Why create statistics on every column of every table in a database.

  • Here is the issue:

    Developers want statistics created on every column :w00t: on every table :w00t: in the database.

    SQL version = SQL Server 2005 SP2+.

    database < 200GB.

    "Auto update" and "Auto create" stats are enabled.

    There are currently 11000+ user created statistics.

    Here is the question:

    Will SQL Server ever use those statistics ??

    What other SQL process besides the optimizer uses the statistics ??

    Is there any way to determine statistic usage ??

    I need some ammo for my argument ... sock it to me.

    Enjoy
    "Give them the tools:crazy: ... Not the keys:smooooth:"

  • I think you are creating more work for yourself and will make maintenance on the database a little more difficult.

    http://www.developer.com/db/article.php/3622881/Basics-of-Statistics-in-SQL-Server-2005

    That link discusses some of the workings of statistics.
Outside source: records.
(* Let $V_3$ be the subgroup of $P\Sigma_3$ generated by $\nu_{31},\nu_{32},\nu_{33}$, and $OP\Sigma_3=P\Sigma_3/V_3$. Then $V_3$ is a free group of rank $3$, $OP\Sigma_3$ is a free group of rank $3$ (generated by the images of $\xi_{1,2},\xi_{2,1},\xi_{1,3}$), and $P\Sigma_3=V_3\rtimes OP\Sigma_3$ is an almost-direct product, i.e. a semidirect product in which $OP\Sigma_3$ acts trivially on $V_3^{ab}$.
   Context: $F_3$ is the free group on $x_1,x_2,x_3$. For $i\neq j$, $\xi_{i,j}\in\mathrm{Aut}(F_3)$ is given by $\xi_{i,j}(x_i)=x_j^{-1}x_ix_j$ and $\xi_{i,j}(x_l)=x_l$ for $l\neq i$; $P\Sigma_3$ is the subgroup generated by all $\xi_{i,j}$. For $1\leq i\leq 3$, $\nu_{3i}$ is the inner automorphism $x_k\mapsto x_i^{-1}x_kx_i$ of $F_3$ (so $V_3=\mathrm{Inn}(F_3)$, which is normal in $P\Sigma_3$). *)

theory Defs
  imports "HOL-Algebra.Algebra"
begin

text \<open>A letter (b, a) stands for x_a if b = False and for x_a inverse if b = True.\<close>

type_synonym letter = "bool \<times> nat"

definition inv_pair :: "letter \<Rightarrow> letter \<Rightarrow> bool" where
  "inv_pair l m \<longleftrightarrow> snd l = snd m \<and> fst l \<noteq> fst m"

fun red :: "letter list \<Rightarrow> letter list" where
  "red [] = []"
| "red (l # ls) = (case red ls of [] \<Rightarrow> [l]
                     | m # ms \<Rightarrow> (if inv_pair l m then ms else l # m # ms))"

definition reduced :: "letter list \<Rightarrow> bool" where
  "reduced w \<longleftrightarrow> (\<forall>i. Suc i < length w \<longrightarrow> \<not> inv_pair (w ! i) (w ! Suc i))"

definition FreeGroup :: "nat \<Rightarrow> letter list monoid" where
  "FreeGroup n = \<lparr>carrier = {w. reduced w \<and> (\<forall>l\<in>set w. snd l \<in> {1..n})},
                  monoid.mult = (\<lambda>u v. red (u @ v)),
                  one = []\<rparr>"

definition gen :: "nat \<Rightarrow> letter list" where
  "gen a = [(False, a)]"

definition winv :: "letter list \<Rightarrow> letter list" where
  "winv w = rev (map (\<lambda>(b, a). (\<not> b, a)) w)"

definition subst :: "(nat \<Rightarrow> letter list) \<Rightarrow> letter list \<Rightarrow> letter list" where
  "subst f w = red (concat (map (\<lambda>(b, a). if b then winv (f a) else f a) w))"

abbreviation F3 :: "letter list monoid" where
  "F3 \<equiv> FreeGroup 3"

definition xi :: "nat \<Rightarrow> nat \<Rightarrow> letter list \<Rightarrow> letter list" where
  "xi i j = restrict
     (subst (\<lambda>l. if l = i then [(True, j), (False, i), (False, j)] else [(False, l)]))
     (carrier F3)"

definition nu :: "nat \<Rightarrow> letter list \<Rightarrow> letter list" where
  "nu i = restrict (\<lambda>w. red (winv (gen i) @ w @ gen i)) (carrier F3)"

abbreviation AutF3 :: "(letter list \<Rightarrow> letter list) monoid" where
  "AutF3 \<equiv> AutoGroup F3"

definition PSigma3 :: "(letter list \<Rightarrow> letter list) monoid" where
  "PSigma3 = subgroup_generated AutF3
     {xi i j | i j. i \<in> {1..3} \<and> j \<in> {1..3} \<and> i \<noteq> j}"

definition V3 :: "(letter list \<Rightarrow> letter list) set" where
  "V3 = generate PSigma3 {nu 1, nu 2, nu 3}"

definition V3grp :: "(letter list \<Rightarrow> letter list) monoid" where
  "V3grp = subgroup_generated PSigma3 {nu 1, nu 2, nu 3}"

definition OPSigma3 :: "(letter list \<Rightarrow> letter list) set monoid" where
  "OPSigma3 = PSigma3 Mod V3"

end

theory Submission
  imports Defs
begin

(* Every element of P\<Sigma>_3 sends each x_a to a conjugate g_a x_a g_a^-1, where g_a is
  determined up to right multiplication by a power of x_a because the centraliser of x_a is
  cyclic.  Conjugation t \<mapsto> (w \<mapsto> t w t^-1) maps F_3 isomorphically onto V_3 = Inn(F_3), as
  F_3 has trivial centre.  Spelling words in \<xi>_12, \<xi>_21, \<xi>_13 gives a homomorphism
  F_3 \<rightarrow> P\<Sigma>_3 whose image H is a complement of V_3.  On the one hand the relations
  \<nu>_1 = \<xi>_31 \<xi>_21, \<nu>_2 = \<xi>_32 \<xi>_12, \<nu>_3 = \<xi>_23 \<xi>_13 put every generator \<xi>_ij into V_3 H.
  On the other hand, writing u_k = g_1^-1 g_k, the difference of the exponents of the leading
  x_1-syllables of u_2 and u_3 does not depend on the choice of the g_a, vanishes for inner
  automorphisms, and equals minus the exponent of the final x_2-syllable of W for the image of
  a reduced word W; a nonempty W not ending in x_2^\<plusminus>1 is first conjugated by x_2.  Hence
  H \<inter> V_3 = 1 and the homomorphism is injective.  Finally a basis-conjugating automorphism fixes
  every element of F_3 modulo [F_3, F_3], so P\<Sigma>_3 acts trivially on V_3^ab. *)

section \<open>Reduced words and free groups\<close>

definition inv_letter :: "letter \<Rightarrow> letter" where "inv_letter l = (\<not> fst l, snd l)"

lemma inv_pair_iff: "inv_pair l m \<longleftrightarrow> m = inv_letter l"
  by (cases l; cases m) (auto simp: inv_pair_def inv_letter_def)

lemma inv_pair_sym: "inv_pair l m \<longleftrightarrow> inv_pair m l"
  by (auto simp: inv_pair_def)

lemma inv_letter_inv_letter[simp]: "inv_letter (inv_letter l) = l" by (simp add: inv_letter_def)
lemma snd_inv_letter[simp]: "snd (inv_letter l) = snd l" by (simp add: inv_letter_def)
lemma fst_inv_letter[simp]: "fst (inv_letter l) = (\<not> fst l)" by (simp add: inv_letter_def)

declare red.simps(2)[simp del]

definition cancel_cons :: "letter \<Rightarrow> letter list \<Rightarrow> letter list" where
  "cancel_cons l s = (case s of [] \<Rightarrow> [l] | m # ms \<Rightarrow> (if inv_pair l m then ms else l # m # ms))"

lemma red_Cons[simp]: "red (l # ls) = cancel_cons l (red ls)"
  by (simp add: cancel_cons_def red.simps(2))

lemma reduced_Nil[simp]: "reduced []" by (simp add: reduced_def)
lemma reduced_single[simp]: "reduced [l]" by (simp add: reduced_def)
lemma reduced_Cons2[simp]: "reduced (l # m # ms) \<longleftrightarrow> \<not> inv_pair l m \<and> reduced (m # ms)"
proof
  assume h: "reduced (l # m # ms)"
  have "\<not> inv_pair l m" using h[unfolded reduced_def, rule_format, of 0] by simp
  moreover have "reduced (m # ms)" unfolding reduced_def
  proof (intro allI impI)
    fix i assume "Suc i < length (m # ms)"
    then show "\<not> inv_pair ((m # ms) ! i) ((m # ms) ! Suc i)"
      using h[unfolded reduced_def, rule_format, of "Suc i"] by simp
  qed
  ultimately show "\<not> inv_pair l m \<and> reduced (m # ms)" by simp
next
  assume h: "\<not> inv_pair l m \<and> reduced (m # ms)"
  show "reduced (l # m # ms)" unfolding reduced_def
  proof (intro allI impI)
    fix i assume i: "Suc i < length (l # m # ms)"
    show "\<not> inv_pair ((l # m # ms) ! i) ((l # m # ms) ! Suc i)"
    proof (cases i)
      case 0 then show ?thesis using h by simp
    next
      case (Suc k) then show ?thesis using h i unfolding reduced_def by simp
    qed
  qed
qed

lemma reduced_Cons: "reduced (l # ms) \<longleftrightarrow> reduced ms \<and> (ms = [] \<or> \<not> inv_pair l (hd ms))"
  by (cases ms) auto

lemma reduced_append:
  "reduced (u @ v) \<longleftrightarrow> reduced u \<and> reduced v \<and> (u = [] \<or> v = [] \<or> \<not> inv_pair (last u) (hd v))"
proof (induction u)
  case Nil then show ?case by simp
next
  case (Cons x u)
  show ?case
  proof (cases u)
    case Nil then show ?thesis by (cases v) auto
  next
    case (Cons y w)
    then show ?thesis using Cons.IH by (auto simp: reduced_Cons)
  qed
qed

lemma reduced_cancel_cons: "reduced s \<Longrightarrow> reduced (cancel_cons l s)"
  by (cases s) (auto simp: cancel_cons_def reduced_Cons)

lemma reduced_red: "reduced (red w)"
  by (induction w) (auto simp: red_Cons reduced_cancel_cons)

lemma red_reduced: "reduced w \<Longrightarrow> red w = w"
proof (induction w)
  case Nil then show ?case by simp
next
  case (Cons l ls)
  then have "red ls = ls" by (simp add: reduced_Cons)
  then show ?case using Cons.prems by (cases ls) (auto simp: red_Cons cancel_cons_def)
qed

lemma red_red[simp]: "red (red w) = red w"
  by (simp add: red_reduced reduced_red)
lemma pairwise_disjnt_singletons_Un_disjointed:
  assumes "\<And>n. disjointed A n \<inter> E = {}"
  shows "pairwise disjnt ((\<lambda>s. {s}) ` E \<union> range (disjointed A))"
proof (rule pairwiseI)
  have DE: "x \<notin> E" if "x \<in> disjointed A n" for x n
    using assms[of n] that by blast
  have DD: "m = n" if "x \<in> disjointed A m" "x \<in> disjointed A n" for x m n
    using disjoint_family_disjointed[of A] that unfolding disjoint_family_on_def by blast
  fix X Y
  assume "X \<in> (\<lambda>s. {s}) ` E \<union> range (disjointed A)" "Y \<in> (\<lambda>s. {s}) ` E \<union> range (disjointed A)"
    and "X \<noteq> Y"
  then show "disjnt X Y"
    unfolding disjnt_def by (auto dest: DE DD)
qed

lemma disjoint_refinement_singletons_locally_in:
  assumes P: "countable P" "\<Union>P = S"
    and cofinite: "\<And>B. B \<in> P \<Longrightarrow> \<exists>e. finite e \<and> locally_in (B - e) K"
  shows "\<exists>P'. countable P' \<and> \<Union>P' = S \<and> pairwise disjnt P'
    \<and> (\<forall>B\<in>P'. (\<exists>s. B = {s}) \<or> locally_in B K)"
proof (cases "P = {}")
  case True
  then show ?thesis
    using P(2) by (intro exI[of _ "{}"]) auto
next
  case False
  define e where "e B = (SOME e. finite e \<and> locally_in (B - e) K)" for B
  have e: "finite (e B)" "locally_in (B - e B) K" if "B \<in> P" for B
    using someI_ex[OF cofinite[OF that]] unfolding e_def by blast+
  define E where "E = \<Union>(e ` P)"
  define A where "A n = from_nat_into P n - E" for n
  define P' where "P' = (\<lambda>s. {s}) ` (S \<inter> E) \<union> range (disjointed A)"
  have in_P: "from_nat_into P n \<in> P" for n
    using False by (rule from_nat_into)
  have disjoint_E: "disjointed A n \<inter> (S \<inter> E) = {}" for n
    using disjointed_subset[of A n] unfolding A_def by blast
  have "countable E"
    unfolding E_def using P(1) e(1) by (simp add: countable_finite)
  then have "countable P'"
    unfolding P'_def by simp
  moreover have "\<Union>P' = S"
  proof -
    have "(\<Union>n. from_nat_into P n) = \<Union>P"
      using False P(1) by simp
    then have "(\<Union>n. disjointed A n) = S - E"
      unfolding UN_disjointed_eq A_def using P(2) by blast
    then show ?thesis
      unfolding P'_def by blast
  qed
  moreover have "pairwise disjnt P'"
    unfolding P'_def by (rule pairwise_disjnt_singletons_Un_disjointed[OF disjoint_E])
  moreover have "\<forall>B\<in>P'. (\<exists>s. B = {s}) \<or> locally_in B K"
  proof -
    have "locally_in (disjointed A n) K" for n
    proof -
      have "e (from_nat_into P n) \<subseteq> E"
        unfolding E_def using in_P by blast
      then have "disjointed A n \<subseteq> from_nat_into P n - e (from_nat_into P n)"
        using disjointed_subset[of A n] unfolding A_def by blast
      then show ?thesis
        by (rule locally_in_mono[OF e(2)[OF in_P]])
    qed
    then show ?thesis
      unfolding P'_def by blast
  qed
  ultimately show ?thesis
    by blast
qed

theorem corollary5p1:
  assumes "p_gt_aleph1"
    and "star_principle TYPE('a)"
  shows "principle_A TYPE('a)"
  unfolding principle_A_def
proof (intro allI impI, goal_cases)
  case (1 S H)
  then have H: "\<forall>h\<in>H. countable h" and directed: "directed_ae H" and card: "|H| \<le>o cardSuc natLeq"
    unfolding countable_subsets_family_def by auto
  define Orth where "Orth = countable_orthogonals S H"
  have "countable_subsets_family S Orth"
    unfolding Orth_def countable_subsets_family_def countable_orthogonals_def by blast
  moreover have "sigma_directed_ae Orth"
    unfolding Orth_def by (rule sigma_directed_countable_orthogonals[OF assms(1) card])
  ultimately consider X where "X \<subseteq> S" "uncountable X" "locally_in X (down Orth)"
    | P where "countable P" "\<Union>P = S" "\<forall>B\<in>P. orthogonal B Orth"
    using assms(2)[unfolded star_principle_def, rule_format, of S Orth] by blast
  then show ?case
  proof cases
    case (1 X)
    have "\<forall>y\<in>Orth. orthogonal y H"
      unfolding Orth_def countable_orthogonals_def by blast
    then have "orthogonal X H"
      using orthogonal_if_locally_in_down[OF 1(3) _ H] by blast
    then show ?thesis
      using 1 by blast
  next
    case (2 P)
    have "\<exists>e. finite e \<and> locally_in (B - e) (down H)" if "B \<in> P" for B
    proof (rule locally_in_down_Diff_finite_if_orthogonal[OF assms(1) directed card])
      show "B \<subseteq> S" "orthogonal B (countable_orthogonals S H)"
        using 2(2,3) that unfolding Orth_def by blast+
    qed
    from disjoint_refinement_singletons_locally_in[OF 2(1,2) this]
    show ?thesis ..
  qed
qed

end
Statistics are not always just created on a single column at a time. Typically the engine has a very good understanding of data usage and can create accurate statistics for use by the queries being submitted. If every table has individual statistics created on every column, you could end up with a bunch of out of date statistics that could impair performance.

    Jason...AKA CirqueDeSQLeil
    _______________________________________________
    I have given a name to my pain...MCM SQL Server, MVP
    SQL RNNR
    Posting Performance Based Questions - Gail Shaw[/url]
    Learn Extended Events

  • I told them there is no reason to do that for every column and every table ... but they insist.

    I need to come up with some good reasons not to do it.

    that is why I'm asking for more ammo...

    Enjoy
    "Give them the tools:crazy: ... Not the keys:smooooth:"

  • Just like indexes any additional statistics create maintenance overhead in both space used (it has to store it someplace) and the duration of maintenance (it does take time to update them.) If auto update stats is on then that can lead to slowness during the day while SQL updates stats that it may not even be using. If it's not on that means time needs to be put into developing a maintenance plan that will do that and a longer duration for maintenance. I would have to defer to someone with more knowledge on this point but I would also think that with additional statistics to consider when calculating the query plan compiling plans can take longer.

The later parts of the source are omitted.